BAIL FOR ACCUSED FIXED AT £80

Bail at £80 each was fixed by Sheriff Malcolm at Dundee yesterday in the case of four men at present in custody in connection with the recent fire which occurred in the Public Gymnasium in the Ward Road when the building was completely gutted.

Mr. J. Grafton Lawson, solicitor, supported the application for bail for James Weir (26), labourer, 165 Hilltown; Thos. McIver (23), labourer, 178 Brook Street; Frederick Gow (28), discharged soldier, 27 North Ellen Street; and Donald Gordon Stephen, labourer, 151 Victoria Road. Mr Lawson said the police alleged that accused were the last men to be in the Gymnasium on the evening prior to the outbreak of fire.

The accused had been out of employment for some little time. Two of them were ex-soldiers undergoing treatment and in receipt of an allowance, while the only means of existence for the other two was the unemployment grant from the Government. In these circumstances they were unable to provide any bail at all, and any bail that would be provided in the event of his Lordship granting the application could only come from friends. In a case of this kind it was absolutely necessary that the agent conducting the defence should have these men at call without having to go to the prison any time he wanted information. There had been no complaint against any of the accused previously, and under the circumstances he suggested bail to the extent of £40 for each.

Mr W.F. mackintosh, Procurator-Fiscal stated that, whilst not opposing bail, yet he pressed for a substantial sum to be fixed. These men were out of employment, and through the medium of the Lord Provost the Gymnasium was given to the unemployed for the purpose of holding meetings and having a place to resort to. Some of the rooms in front were used as hairdressing rooms, there being a number of hairdressers among the unemployed, whilst boot repairing was also being carried out in the establishment. They were paying no rent, and they were getting fire and light gratis. The hall came eventually to be required for transport purposes, and intimation was made to these men through their Secretary that the hall would require to be given up. The fire broke out practically on the last night they were to use the hall. The offence was a bailable one, but a very serious one, especially under the circumstances.

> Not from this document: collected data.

(* Let $G$ be a connected chordal graph, $X\subseteq V(G)$ a clique, and $C_1,\dots,C_r$ some connected components of $G\setminus X$. Then for every $j\in[r]$, the evaporation time of $C_j$ in $G$ with exception set $X$ equals the evaporation time of $C_j$ in $G[X\cup C_1\cup\cdots\cup C_r]$ with exception set $X$.
   Context: A vertex is simplicial if its neighborhood is a clique. For a chordal graph $G$ and a clique $X\subseteq V(G)$ (possibly empty), the evaporation sequence of $G$ with exception set $X$ is defined recursively: if $X=V(G)$ it is the empty sequence; otherwise let $L_1$ be the set of simplicial vertices of $G$ that are not in $X$ (this set is always nonempty), and the evaporation sequence is $L_1$ followed by the evaporation sequence of $G-L_1$ with exception set $X$. If the evaporation sequence is $L_1,\dots,L_t$ and $S\subseteq V(G)\setminus X$ is nonempty, the evaporation time of $S$ in $G$ (with exception set $X$) is the largest $i$ with $L_i\cap S\neq\emptyset$. $G[S]$ is the induced subgraph on $S$. *)

theory Defs
  imports Main
begin

text \<open>A finite simple graph is given by a finite vertex set V and a symmetric,
irreflexive adjacency relation E; only edges between vertices of V matter.
An induced subgraph G[S] is represented by (S, E).\<close>

definition graph :: "'a set \<Rightarrow> ('a \<Rightarrow> 'a \<Rightarrow> bool) \<Rightarrow> bool" where
  "graph V E \<longleftrightarrow> finite V \<and> (\<forall>u v. E u v \<longrightarrow> E v u) \<and> (\<forall>v. \<not> E v v)"

definition is_clique :: "'a set \<Rightarrow> ('a \<Rightarrow> 'a \<Rightarrow> bool) \<Rightarrow> 'a set \<Rightarrow> bool" where
  "is_clique V E X \<longleftrightarrow> X \<subseteq> V \<and> (\<forall>u\<in>X. \<forall>w\<in>X. u \<noteq> w \<longrightarrow> E u w)"

definition reach :: "'a set \<Rightarrow> ('a \<Rightarrow> 'a \<Rightarrow> bool) \<Rightarrow> 'a \<Rightarrow> 'a \<Rightarrow> bool" where
  "reach W E = (\<lambda>x y. x \<in> W \<and> y \<in> W \<and> E x y)\<^sup>*\<^sup>*"

definition connected_graph :: "'a set \<Rightarrow> ('a \<Rightarrow> 'a \<Rightarrow> bool) \<Rightarrow> bool" where
  "connected_graph V E \<longleftrightarrow> V \<noteq> {} \<and> (\<forall>u\<in>V. \<forall>v\<in>V. reach V E u v)"

definition is_component :: "'a set \<Rightarrow> ('a \<Rightarrow> 'a \<Rightarrow> bool) \<Rightarrow> 'a set \<Rightarrow> bool" where
  "is_component W E C \<longleftrightarrow> (\<exists>u\<in>W. C = {v. reach W E u v})"

definition is_cycle :: "'a set \<Rightarrow> ('a \<Rightarrow> 'a \<Rightarrow> bool) \<Rightarrow> 'a list \<Rightarrow> bool" where
  "is_cycle V E vs \<longleftrightarrow> distinct vs \<and> set vs \<subseteq> V \<and> length vs \<ge> 3 \<and>
     (\<forall>i < length vs. E (vs ! i) (vs ! ((i + 1) mod length vs)))"

definition has_chord :: "('a \<Rightarrow> 'a \<Rightarrow> bool) \<Rightarrow> 'a list \<Rightarrow> bool" where
  "has_chord E vs \<longleftrightarrow> (\<exists>i < length vs. \<exists>j < length vs. i \<noteq> j \<and>
      j \<noteq> (i + 1) mod length vs \<and> i \<noteq> (j + 1) mod length vs \<and> E (vs ! i) (vs ! j))"

definition chordal :: "'a set \<Rightarrow> ('a \<Rightarrow> 'a \<Rightarrow> bool) \<Rightarrow> bool" where
  "chordal V E \<longleftrightarrow> graph V E \<and> (\<forall>vs. is_cycle V E vs \<and> length vs \<ge> 4 \<longrightarrow> has_chord E vs)"

definition simplicial :: "'a set \<Rightarrow> ('a \<Rightarrow> 'a \<Rightarrow> bool) \<Rightarrow> 'a \<Rightarrow> bool" where
  "simplicial V E v \<longleftrightarrow> v \<in> V \<and>
     (\<forall>u\<in>V. \<forall>w\<in>V. E v u \<and> E v w \<and> u \<noteq> w \<longrightarrow> E u w)"

text \<open>Evaporation: remaining vertex set after i rounds, and the i-th layer L_i
(1-indexed; layer 0 is empty). Once the remaining set equals X all further
layers are empty, so the evaporation sequence is L_1,...,L_t with L_i nonempty.\<close>
fun evap_rest :: "'a set \<Rightarrow> ('a \<Rightarrow> 'a \<Rightarrow> bool) \<Rightarrow> 'a set \<Rightarrow> nat \<Rightarrow> 'a set" where
  "evap_rest V E X 0 = V"
| "evap_rest V E X (Suc i) =
     evap_rest V E X i - {v \<in> evap_rest V E X i - X. simplicial (evap_rest V E X i) E v}"

definition evap_layer :: "'a set \<Rightarrow> ('a \<Rightarrow> 'a \<Rightarrow> bool) \<Rightarrow> 'a set \<Rightarrow> nat \<Rightarrow> 'a set" where
  "evap_layer V E X i = (if i = 0 then {} else
     {v \<in> evap_rest V E X (i - 1) - X. simplicial (evap_rest V E X (i - 1)) E v})"

definition evap_time :: "'a set \<Rightarrow> ('a \<Rightarrow> 'a \<Rightarrow> bool) \<Rightarrow> 'a set \<Rightarrow> 'a set \<Rightarrow> nat" where
  "evap_time V E X S = (GREATEST i. evap_layer V E X i \<inter> S \<noteq> {})"

end

theory Submission
  imports Defs
begin

text \<open>Evaporation is local: whether a vertex is simplicial depends only on which of its
neighbours are still present. A component \<open>C\<close> of \<open>G - X\<close> has all its neighbours in
\<open>C \<union> X\<close>, and \<open>X\<close> is never removed, so by induction on the rounds the vertices of \<open>C\<close> are
removed at the same times in \<open>G\<close> as in any induced subgraph containing \<open>C \<union> X\<close>.\<close>

lemma evap_rest_subset: "evap_rest V E X i \<subseteq> V"
  by (induction i) auto

lemma subset_evap_rest: "X \<subseteq> V \<Longrightarrow> X \<subseteq> evap_rest V E X i"
  by (induction i) auto

lemma evap_layer_Suc: "evap_layer V E X (Suc i) = evap_rest V E X i - evap_rest V E X (Suc i)"
  by (auto simp: evap_layer_def)

lemma simplicial_cong_neighbours:
  assumes "v \<in> R \<longleftrightarrow> v \<in> R'" and "\<And>u. E v u \<Longrightarrow> u \<in> R \<longleftrightarrow> u \<in> R'"
  shows "simplicial R E v \<longleftrightarrow> simplicial R' E v"
  using assms unfolding simplicial_def by blast

lemma evap_rest_Int_closed_eq:
  assumes "V' \<subseteq> V" "X \<subseteq> V'" "K \<subseteq> V'" "K \<inter> X = {}"
    and closed: "\<And>v u. v \<in> K \<Longrightarrow> u \<in> V \<Longrightarrow> E v u \<Longrightarrow> u \<in> K \<union> X"
  shows "evap_rest V E X i \<inter> K = evap_rest V' E X i \<inter> K"
proof (induction i)
  case 0
  show ?case using assms(1,3) by auto
next
  case (Suc i)
  let ?R = "evap_rest V E X i" and ?R' = "evap_rest V' E X i"
  have "X \<subseteq> ?R" using assms(1,2) by (intro subset_evap_rest) blast
  moreover have "X \<subseteq> ?R'" using assms(2) by (rule subset_evap_rest)
  ultimately have same: "?R \<inter> (K \<union> X) = ?R' \<inter> (K \<union> X)"
    using Suc by blast
  have simp_same: "simplicial ?R E v \<longleftrightarrow> simplicial ?R' E v" if "v \<in> K" for v
  proof (rule simplicial_cong_neighbours)
    show "v \<in> ?R \<longleftrightarrow> v \<in> ?R'" using same that by blast
    fix u assume "E v u"
    have "u \<in> ?R \<Longrightarrow> u \<in> K \<union> X"
      using closed[OF that _ \<open>E v u\<close>] evap_rest_subset[of V E X i] by blast
    moreover have "u \<in> ?R' \<Longrightarrow> u \<in> K \<union> X"
      using closed[OF that _ \<open>E v u\<close>] evap_rest_subset[of V' E X i] assms(1) by blast
    ultimately show "u \<in> ?R \<longleftrightarrow> u \<in> ?R'" using same by blast
  qed
  have "evap_rest V E X (Suc i) \<inter> K = {v \<in> ?R \<inter> K. \<not> simplicial ?R E v}"
    using assms(4) by auto
  also have "\<dots> = {v \<in> ?R' \<inter> K. \<not> simplicial ?R' E v}"
    using Suc simp_same by blast
  also have "\<dots> = evap_rest V' E X (Suc i) \<inter> K"
    using assms(4) by auto
  finally show ?case .
qed

lemma evap_layer_Int_closed_eq:
  assumes "V' \<subseteq> V" "X \<subseteq> V'" "K \<subseteq> V'" "K \<inter> X = {}"
    and "\<And>v u. v \<in> K \<Longrightarrow> u \<in> V \<Longrightarrow> E v u \<Longrightarrow> u \<in> K \<union> X"
  shows "evap_layer V E X i \<inter> K = evap_layer V' E X i \<inter> K"
proof (cases i)
  case 0
  then show ?thesis by (simp add: evap_layer_def)
next
  case (Suc k)
  have "evap_layer V E X i \<inter> K = evap_rest V E X k \<inter> K - evap_rest V E X (Suc k) \<inter> K"
    by (simp only: Suc evap_layer_Suc Diff_Int_distrib2)
  also have "\<dots> = evap_rest V' E X k \<inter> K - evap_rest V' E X (Suc k) \<inter> K"
    by (simp only: evap_rest_Int_closed_eq[OF assms])
  also have "\<dots> = evap_layer V' E X i \<inter> K"
    by (simp only: Suc evap_layer_Suc Diff_Int_distrib2)
  finally show ?thesis .
qed

lemma reach_in_set:
  assumes "reach W E u v" "u \<in> W"
  shows "v \<in> W"
  using assms(1) unfolding reach_def
  by (induction rule: rtranclp_induct) (use assms(2) in auto)

lemma component_subset:
  assumes "is_component W E C"
  shows "C \<subseteq> W"
proof
  fix v assume "v \<in> C"
  obtain u where "u \<in> W" "C = {v. reach W E u v}"
    using assms unfolding is_component_def by blast
  with \<open>v \<in> C\<close> show "v \<in> W" by (simp add: reach_in_set)
qed

lemma component_closed:
  assumes "is_component W E C" "v \<in> C" "w \<in> W" "E v w"
  shows "w \<in> C"
proof -
  obtain u where u: "u \<in> W" "C = {v. reach W E u v}"
    using assms(1) unfolding is_component_def by blast
  have "reach W E u v" using assms(2) u(2) by blast
  moreover have "v \<in> W" using calculation u(1) by (rule reach_in_set)
  ultimately have "reach W E u w"
    unfolding reach_def using assms(3,4) by (rule_tac rtranclp.rtrancl_into_rtrancl) auto
  then show ?thesis using u(2) by blast
qed

theorem lemma5p11:
  fixes V :: "'a set" and E :: "'a \<Rightarrow> 'a \<Rightarrow> bool" and X :: "'a set"
    and C :: "nat \<Rightarrow> 'a set" and r j :: nat
  assumes "chordal V E"
    and "connected_graph V E"
    and "is_clique V E X"
    and "\<forall>i\<in>{1..r}. is_component (V - X) E (C i)"
    and "j \<in> {1..r}"
  shows "evap_time V E X (C j) = evap_time (X \<union> (\<Union>i\<in>{1..r}. C i)) E X (C j)"
proof -
  let ?W = "X \<union> (\<Union>i\<in>{1..r}. C i)"
  have XV: "X \<subseteq> V" using assms(3) unfolding is_clique_def by blast
  have components_outside_X: "C i \<subseteq> V - X" if "i \<in> {1..r}" for i
    using assms(4) that by (intro component_subset) blast
  have Cj: "is_component (V - X) E (C j)" using assms(4,5) by blast
  have WV: "?W \<subseteq> V" using XV components_outside_X by blast
  have "evap_layer V E X i \<inter> C j = evap_layer ?W E X i \<inter> C j" for i
  proof (rule evap_layer_Int_closed_eq[OF WV])
    show "C j \<subseteq> ?W" using assms(5) by blast
    show "C j \<inter> X = {}" using components_outside_X[OF assms(5)] by blast
    show "u \<in> C j \<union> X" if "v \<in> C j" "u \<in> V" "E v u" for v u
      using component_closed[OF Cj that(1) _ that(3)] that(2) by blast
  qed auto
  then show ?thesis unfolding evap_time_def by simp
qed

end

Sheriff Malcolm - It is not really a question of guilt or innocence at this stage, but a question of can you ensure these men will stand their trial

Mr Mackintosh – The amount of bail is too small.

Sheriff Malcolm – Is there any suggestion with regard to a motive or a suggestion of anything political?

Mr Mackintosh – I don’t think you would call it political; it is more social. I suggested to Mr Lawson £100 as bail, and he walked away very hurriedly. (Laughter)

His Lordship – Did you think he went away to get it? (Laughter)

Mr Mackintosh pressed for bail to be fixed at £100 each, and after deliberation Sheriff Malcolm fixed the bail in each case at £80. It is expected that the bail money will be deposited tomorrow.